The MFIs are very clever in selecting their beneficiaries, and identifying their needs. They select the richest of the poor who can afford a collateral security, a guarantee, and who are avers to social stigma. Then they lend them in small amounts, recover them with heavy interest in installments, increase the amount next time, and next time slowly throwing them into debt trap.
Thus, MFIs in India have now grown as all India presence institutions with thousands of branches, and billions of rupees of business.
Rani, a client of a leading MFI in India hailing from the suburbs of Warangal town, summarizes by saying “Loans from banks are always better because nobody will coerce us for repayment delays of one or two days and their interest too is lower.
We lost more than what we gained in borrowing from this MFI.” Another example, a woman borrower says that “Microfinance brings happiness in the beginning, tension at the end”. This shows that MFIs ‘force’ their clients to repay on time- which puts pressure on the lender thus resulting in taking up more loans to repay old loans and falling into poverty trap and contingent poverty.
The harsh truth
Microfinance- camouflages like the silver-lining to a dark cloud.
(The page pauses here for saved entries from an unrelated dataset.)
lemma fan_extension_collapse:
  assumes "simple_graph V E" "v 0 \<in> V" "v 1 \<in> V" "E (v 0) (v 1)" "\<forall>i\<in>{2..n}. v i \<notin> V"
    and "fan_extension E v n x y"
  shows "collapse_into V (v 0) x = collapse_into V (v 0) y
    \<or> E (collapse_into V (v 0) x) (collapse_into V (v 0) y)"
proof -
  have "E (v 1) (v 0)" and edge_in_V: "\<And>x y. E x y \<Longrightarrow> x \<in> V \<and> y \<in> V"
    using assms(1,4) unfolding simple_graph_def by blast+
  from assms(6) consider "E x y"
    | (path) i where "i \<in> {2..n}" "{x, y} = {v (i - 1), v i}"
    | (fan) i where "i \<in> {2..n}" "{x, y} = {v 0, v i}"
    unfolding fan_extension_def by blast
  then show ?thesis
  proof cases
    case 1
    then show ?thesis using edge_in_V[OF 1] by (simp add: collapse_into_def)
  next
    case (path i)
    show ?thesis
    proof (cases "i = 2")
      case True
      with path assms(3-5) \<open>E (v 1) (v 0)\<close> show ?thesis
        by (auto simp: collapse_into_def doubleton_eq_iff)
    next
      case False
      with path have "i - 1 \<in> {2..n}" by auto
      with path assms(5) show ?thesis
        by (auto simp: collapse_into_def doubleton_eq_iff)
    qed
  next
    case (fan i)
    with assms(2,5) show ?thesis
      by (auto simp: collapse_into_def doubleton_eq_iff)
  qed
qed

theorem theorem3p3:
  fixes V :: "'a set" and E :: "'a \<Rightarrow> 'a \<Rightarrow> bool" and v :: "nat \<Rightarrow> 'a" and n :: nat
  assumes "simple_graph V E" and "connected_graph V E"
    and "v 0 \<in> V" and "v 1 \<in> V" and "E (v 0) (v 1)"
    and "\<forall>w\<in>V. w \<noteq> v 0 \<longrightarrow> dist V E (v 0) w < diam V E"
    and "n \<ge> 2"
    and "inj_on v {0..n}"
    and "\<forall>i\<in>{2..n}. v i \<notin> V"
  shows "diam (V \<union> v ` {2..n})
           (\<lambda>x y. E x y
              \<or> (\<exists>i\<in>{2..n}. (x = v (i - 1) \<and> y = v i) \<or> (x = v i \<and> y = v (i - 1)))
              \<or> (\<exists>i\<in>{2..n}. (x = v 0 \<and> y = v i) \<or> (x = v i \<and> y = v 0)))
         = diam V E"
proof -
  let ?V' = "V \<union> v ` {2..n}" and ?E' = "fan_extension E v n"
  have "finite V" "symp E" "v 0 \<noteq> v 1"
    using assms(1,5) unfolding simple_graph_def symp_def by auto
  have "dist V E (v 0) (v 1) \<noteq> 0"
    using dist_eq_0_iff[of V E "[v 0, v 1]"] assms(3-5) \<open>v 0 \<noteq> v 1\<close> by simp
  then have "2 \<le> diam V E"
    using assms(4,6) \<open>v 0 \<noteq> v 1\<close> by fastforce
  have "diam ?V' ?E' \<le> diam V E"
  proof (rule diam_le_if_new_vertices_adjacent[where c = "v 0"])
    show "symp ?E'"
      using \<open>symp E\<close> by (rule symp_fan_extension)
  qed (use assms \<open>finite V\<close> \<open>2 \<le> diam V E\<close> in \<open>auto simp: fan_extension_def\<close>)
  moreover have "diam V E \<le> diam ?V' ?E'"
  proof (rule diam_le_if_retraction[where p = "collapse_into V (v 0)"])
    show "collapse_into V (v 0) x = collapse_into V (v 0) y
        \<or> E (collapse_into V (v 0) x) (collapse_into V (v 0) y)" if "?E' x y" for x y
      using fan_extension_collapse[OF assms(1,3-5,9) that] .
  qed (use assms \<open>finite V\<close> in \<open>auto simp: collapse_into_def fan_extension_def\<close>)
  ultimately show ?thesis
    unfolding fan_extension_def[abs_def] by simp
qed

end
Economists, politicians, NGO activists believe that it will generate an alternative economy and eliminates poverty but they forget the real consequences in the long run. Experts say that micro-loans are coupled with interest rates, which are higher than the bank rates and coercive recovery practices. The menace that face microfinance institutions created include the high-interest rates, poor governance, lack of transparency, vicious debt cycles, poverty trap, and debt trap.
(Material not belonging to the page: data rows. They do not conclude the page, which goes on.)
(* Let $m=m_n\ge1$ and $F=F_n$ be such that $(F)_2\lesssim(F)_0$ and $\mu=\log n-\frac mn(F)_1\to-\infty$ as $n\to\infty$. Then $H^*_{nmF}$ is connected with probability tending to one.
   Context: Shotgun random hypergraph: given integers $n,m\ge1$ and probability distributions $f^{(1)},\dots,f^{(m)}$ on $\{0,\dots,n\}$, write $F=f^{(1)}\times\cdots\times f^{(m)}$. $H^*_{nmF}$ is the random hypergraph with node set $\{1,\dots,n\}$ and hyperedge set $\{V_1,\dots,V_m\}$, where $V_1,\dots,V_m\subset\{1,\dots,n\}$ are mutually independent and $\mathbb{P}(V_k=A)=f^{(k)}(|A|)\binom{n}{|A|}^{-1}$. A hypergraph on node set $V$ is connected if for every partition of $V$ into nonempty sets $V_1',V_2'$ some hyperedge meets both. Moments: $(F)_r=\frac1m\sum_{k=1}^m\sum_{x=2}^n x^r f^{(k)}(x)$. $a_n\lesssim b_n$ means $\limsup a_n/|b_n|<\infty$. *)

theory Defs
  imports "HOL-Analysis.Analysis"
begin

definition is_dist_family :: "nat \<Rightarrow> nat \<Rightarrow> (nat \<Rightarrow> nat \<Rightarrow> real) \<Rightarrow> bool" where
  "is_dist_family n m g \<longleftrightarrow>
     (\<forall>k\<in>{1..m}. (\<forall>x. 0 \<le> g k x) \<and> (\<Sum>x\<in>{0..n}. g k x) = 1)"

definition hg_connected :: "nat \<Rightarrow> nat \<Rightarrow> (nat \<Rightarrow> nat set) \<Rightarrow> bool" where
  "hg_connected n m V \<longleftrightarrow>
     (\<forall>A B. A \<noteq> {} \<and> B \<noteq> {} \<and> A \<inter> B = {} \<and> A \<union> B = {1..n} \<longrightarrow>
        (\<exists>k\<in>{1..m}. V k \<inter> A \<noteq> {} \<and> V k \<inter> B \<noteq> {}))"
The harsh truth is, the new Government which promised good governance to the people, instead of ending the menace of Microfinance institutions, has created a MUDRA Bank to refinance the Micro financiers, and transfer small amounts from the poor to public sector banks through Pradhan Mantri Jan Dhan Yojana (PMJDY).
The road ahead
The focus on financial inclusion and the growing debates on the accessibility of financial services to rural poor has created a chaos in microfinance sector. The growth in MFIs in India has brought more problems with it than goodies. Due to the argument of failing to repay the loans, there is a possibility of increasing contingent poverty. Increasing contingent poverty can lead to adverse consequences and will slower the overall growth rate of the economy with poor performance and less employment opportunities.
Having seen how the MFI sector performs, from a cave’s mouth, the results seem to be darker. The concerns about providing better financial services to the poor through Microfinance are a challenging task keeping in mind all the flaws. There is a need for MFIs to continue to mature in ways that will allow it to view poor customers as individuals in need of support.
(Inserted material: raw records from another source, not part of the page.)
lemma lyapunov_scaled_le:
  fixes f :: "'a::euclidean_space \<Rightarrow> real"
  assumes S: "S1 mu L f grad" and "0 < mu" "mu \<le> L" "0 < s" "L * s < 1" "0 \<le> m" "2 \<le> r"
  shows "mu * s * ((1 - L * s) / 4)
         * (s * (m + 1) * (m + r + 1) * (f (y - s *\<^sub>R grad y) - f xs)
            + 1/2 * (norm (m *\<^sub>R (y - x) + r *\<^sub>R (y - xs) - (s * (m + r)) *\<^sub>R grad y))\<^sup>2)
       \<le> mu * s * (m + r) / 2 * (m * (norm (y - x))\<^sup>2 + r * (norm (y - xs))\<^sup>2)
         + s\<^sup>2 * (m + r)\<^sup>2 * (1 - L * s) / 2 * (norm (grad y))\<^sup>2"
proof -
  define N g W U G q where "N = m + r" and "g = grad y" and "W = (norm (y - x))\<^sup>2"
    and "U = (norm (y - xs))\<^sup>2" and "G = (norm (grad y))\<^sup>2" and "q = 1 - L * s"
  have q: "0 < q" "q \<le> 1"
    using \<open>L * s < 1\<close> \<open>mu \<le> L\<close> \<open>0 < mu\<close> \<open>0 < s\<close> unfolding q_def by auto
  have mu_s: "mu * s \<le> 1"
    using \<open>mu \<le> L\<close> \<open>0 < s\<close> \<open>L * s < 1\<close> mult_right_mono[of mu L s] by linarith
  have nonneg: "0 \<le> W" "0 \<le> U" "0 \<le> G"
    unfolding W_def U_def G_def by auto
  have N_pos: "0 < N"
    using \<open>0 \<le> m\<close> \<open>2 \<le> r\<close> unfolding N_def by simp
  have gap: "f (y - s *\<^sub>R g) - f xs \<le> G / (2 * mu)"
  proof -
    have "0 \<le> s * (1 - L * s / 2) * G"
      using q \<open>0 < s\<close> nonneg unfolding q_def by simp
    then have "f (y - s *\<^sub>R g) \<le> f y"
      using S1_gradient_step[OF S, of y s] unfolding g_def G_def by linarith
    moreover have "f y - f xs \<le> G / (2 * mu)"
      using strongly_convex_gap_le_gradient[of f grad mu y xs] S \<open>0 < mu\<close>
      unfolding S1_def G_def by blast
    ultimately show ?thesis
      by linarith
  qed
  have "(norm (m *\<^sub>R (y - x) + r *\<^sub>R (y - xs) - (s * N) *\<^sub>R g))\<^sup>2
      \<le> 3 * (m\<^sup>2 * W + r\<^sup>2 * U + (s * N)\<^sup>2 * G)"
    using norm_add3_power2_le[of "m *\<^sub>R (y - x)" "r *\<^sub>R (y - xs)" "- ((s * N) *\<^sub>R g)"]
    unfolding W_def U_def G_def g_def by (simp add: power_mult_distrib)
  moreover have "s * (m + 1) * (N + 1) * (f (y - s *\<^sub>R g) - f xs)
      \<le> s * (m + 1) * (N + 1) * (G / (2 * mu))"
    using gap \<open>0 < s\<close> \<open>0 \<le> m\<close> N_pos by (intro mult_left_mono) auto
  ultimately have "s * (m + 1) * (N + 1) * (f (y - s *\<^sub>R g) - f xs)
        + 1/2 * (norm (m *\<^sub>R (y - x) + r *\<^sub>R (y - xs) - (s * N) *\<^sub>R g))\<^sup>2
      \<le> s * (m + 1) * (N + 1) * (G / (2 * mu)) + 3/2 * (m\<^sup>2 * W + r\<^sup>2 * U + (s * N)\<^sup>2 * G)"
    by linarith
  then have "mu * s * (q / 4) * (s * (m + 1) * (N + 1) * (f (y - s *\<^sub>R g) - f xs)
        + 1/2 * (norm (m *\<^sub>R (y - x) + r *\<^sub>R (y - xs) - (s * N) *\<^sub>R g))\<^sup>2)
      \<le> mu * s * (q / 4) * (s * (m + 1) * (N + 1) * (G / (2 * mu))
          + 3/2 * (m\<^sup>2 * W + r\<^sup>2 * U + (s * N)\<^sup>2 * G))"
    using \<open>0 < mu\<close> \<open>0 < s\<close> q by (intro mult_left_mono) auto
  also have "\<dots> = mu * s * m * (3/8 * q * m) * W + mu * s * r * (3/8 * q * r) * U
      + s\<^sup>2 * q * ((m + 1) * (N + 1) + 3 * (mu * s) * N\<^sup>2) / 8 * G"
    using \<open>0 < mu\<close> by (simp add: field_simps power2_eq_square)
  also have "\<dots> \<le> mu * s * m * (N / 2) * W + mu * s * r * (N / 2) * U
      + s\<^sup>2 * q * (N\<^sup>2 + 3 * N\<^sup>2) / 8 * G"
  proof -
    have "q * m \<le> m" "q * r \<le> r"
      using q \<open>0 \<le> m\<close> \<open>2 \<le> r\<close> by (simp_all add: mult_left_le_one_le)
    then have "3/8 * q * m \<le> N / 2" "3/8 * q * r \<le> N / 2"
      using \<open>0 \<le> m\<close> \<open>2 \<le> r\<close> N_def by linarith+
    then have "mu * s * m * (3/8 * q * m) \<le> mu * s * m * (N / 2)"
      and "mu * s * r * (3/8 * q * r) \<le> mu * s * r * (N / 2)"
      using \<open>0 < mu\<close> \<open>0 < s\<close> \<open>0 \<le> m\<close> \<open>2 \<le> r\<close>
      by (simp_all only: mult_left_mono mult_nonneg_nonneg less_imp_le)
    moreover have "(m + 1) * (N + 1) + 3 * (mu * s) * N\<^sup>2 \<le> N\<^sup>2 + 3 * N\<^sup>2"
      using momentum_weight_le[OF \<open>0 \<le> m\<close> \<open>2 \<le> r\<close>] mult_right_mono[OF mu_s zero_le_power2, of N]
      unfolding N_def by linarith
    then have "s\<^sup>2 * q * ((m + 1) * (N + 1) + 3 * (mu * s) * N\<^sup>2) / 8 \<le> s\<^sup>2 * q * (N\<^sup>2 + 3 * N\<^sup>2) / 8"
      using q by (intro divide_right_mono mult_left_mono) auto
    ultimately show ?thesis
      using nonneg by (intro add_mono mult_right_mono) auto
  qed
  also have "\<dots> = mu * s * N / 2 * (m * W + r * U) + s\<^sup>2 * N\<^sup>2 * q / 2 * G"
    by (simp add: field_simps)
  finally show ?thesis
    unfolding N_def g_def W_def U_def G_def q_def .
qed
However, we cannot expect humanity and service will not go hand in hand with profit maximisation efforts of growing MFIs.
In conclusion, it can be said by encouraging the banks to lend out to the poor will help overcome the problems created by MFIs.
More involvement of formal sector in providing financial services to the poor at their doorstep is a way forward in dealing with contingent poverty and saving them from falling into viscous debt cycles. It is not a ‘reassurance’ for the poor unless the state run MFIs mend their ways of lending to the poor and relocate back to rural areas.